Lines with "auto": please show every one of them from the listing below.
===== Available data =====
lemma exists_minimal_generating_set_A_grp:
  assumes p: "Factorial_Ring.prime p" and ty: "is_type l m"
    and d0: "d 0 = l 0" and mono: "\<And>i j. i \<le> j \<Longrightarrow> j < m \<Longrightarrow> d j \<le> d i"
    and d: "\<And>i. i < m \<Longrightarrow> 1 \<le> d i" "\<And>i. i < m \<Longrightarrow> l i \<le> d i"
  shows "\<exists>z. inj_on z {..<m} \<and> minimal_generating_set (A_grp p l m) (z ` {..<m}) \<and>
    (\<forall>i<m. group.ord (A_grp p l m) (z i) = p ^ d i)"
proof (intro exI conjI allI impI)
  have p1: "1 < p" using p by (rule prime_gt_1_nat)
  show "inj_on (type_generator p l m d) {..<m}" by (rule inj_on_type_generator)
  show "minimal_generating_set (A_grp p l m) (type_generator p l m d ` {..<m})"
    using type_generator_in_carrier[OF p1 ty] d
    by (intro minimal_generating_set_A_grp_if_card_le[OF p1 ty]
        generate_type_generators[where d = d, OF p1 ty d0])
      (auto intro: card_image_le[of "{..<m}", simplified])
  fix i assume "i < m"
  moreover have "d i \<le> l 0" using mono[of 0 i] d0 \<open>i < m\<close> by simp
  ultimately show "group.ord (A_grp p l m) (type_generator p l m d i) = p ^ d i"
    using d by (intro ord_type_generator[OF p1 ty]) auto
qed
=====
Task result:
      (auto intro: card_image_le[of "{..<m}", simplified])
    using d by (intro ord_type_generator[OF p1 ty]) auto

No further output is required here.